section \<open>Integrals against three independent random variables\<close>

lemma nn_integral_PiM_three:
  fixes K :: "nat \<Rightarrow> 'b measure" and F :: "'b \<times> 'b \<times> 'b \<Rightarrow> ennreal"
  assumes K: "\<And>i. sigma_finite_measure (K i)"
    and F [measurable]: "F \<in> borel_measurable (K 0 \<Otimes>\<^sub>M (K 1 \<Otimes>\<^sub>M K 2))"
  shows "(\<integral>\<^sup>+ p. F (p 0, p 1, p 2) \<partial>PiM {0, 1, 2} K)
       = (\<integral>\<^sup>+ c. (\<integral>\<^sup>+ b. (\<integral>\<^sup>+ a. F (a, b, c) \<partial>K 0) \<partial>K 1) \<partial>K 2)"
proof -
  interpret product_sigma_finite K using K by (simp add: product_sigma_finite_def)
  interpret K12: pair_sigma_finite "K 1" "K 2" using K by (simp add: pair_sigma_finite_def)
  define G where "G x = (\<integral>\<^sup>+ a. F (a, x) \<partial>K 0)" for x
  have G [measurable]: "G \<in> borel_measurable (K 1 \<Otimes>\<^sub>M K 2)"
    unfolding G_def by (rule sigma_finite_measure.borel_measurable_nn_integral[OF K]) measurable
  have "(\<integral>\<^sup>+ p. F (p 0, p 1, p 2) \<partial>PiM {0, 1, 2} K)
      = (\<integral>\<^sup>+ x. (\<integral>\<^sup>+ y. F ((x(0 := y)) 0, (x(0 := y)) 1, (x(0 := y)) 2) \<partial>K 0) \<partial>PiM {1, 2} K)"
    by (rule product_nn_integral_insert) measurable
  also have "\<dots> = (\<integral>\<^sup>+ x. G (x 1, x 2) \<partial>PiM {1, 2} K)" by (simp add: G_def)
  also have "\<dots> = (\<integral>\<^sup>+ z. G z \<partial>(K 1 \<Otimes>\<^sub>M K 2))"
    using product_nn_integral_pair[of "curry G" 1 2, unfolded case_prod_curry, OF G] by simp
  also have "\<dots> = (\<integral>\<^sup>+ c. (\<integral>\<^sup>+ b. G (b, c) \<partial>K 1) \<partial>K 2)"
    by (rule K12.nn_integral_snd[symmetric, OF G])
  finally show ?thesis by (simp add: G_def)
qed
--- --- ---
WHAT NEEDS TO BE DONE
Report the lines above that have the word "Otimes" in them.

YOUR SOLUTION
    and F [measurable]: "F \<in> borel_measurable (K 0 \<Otimes>\<^sub>M (K 1 \<Otimes>\<^sub>M K 2))"
  have G [measurable]: "G \<in> borel_measurable (K 1 \<Otimes>\<^sub>M K 2)"
  also have "\<dots> = (\<integral>\<^sup>+ z. G z \<partial>(K 1 \<Otimes>\<^sub>M K 2))"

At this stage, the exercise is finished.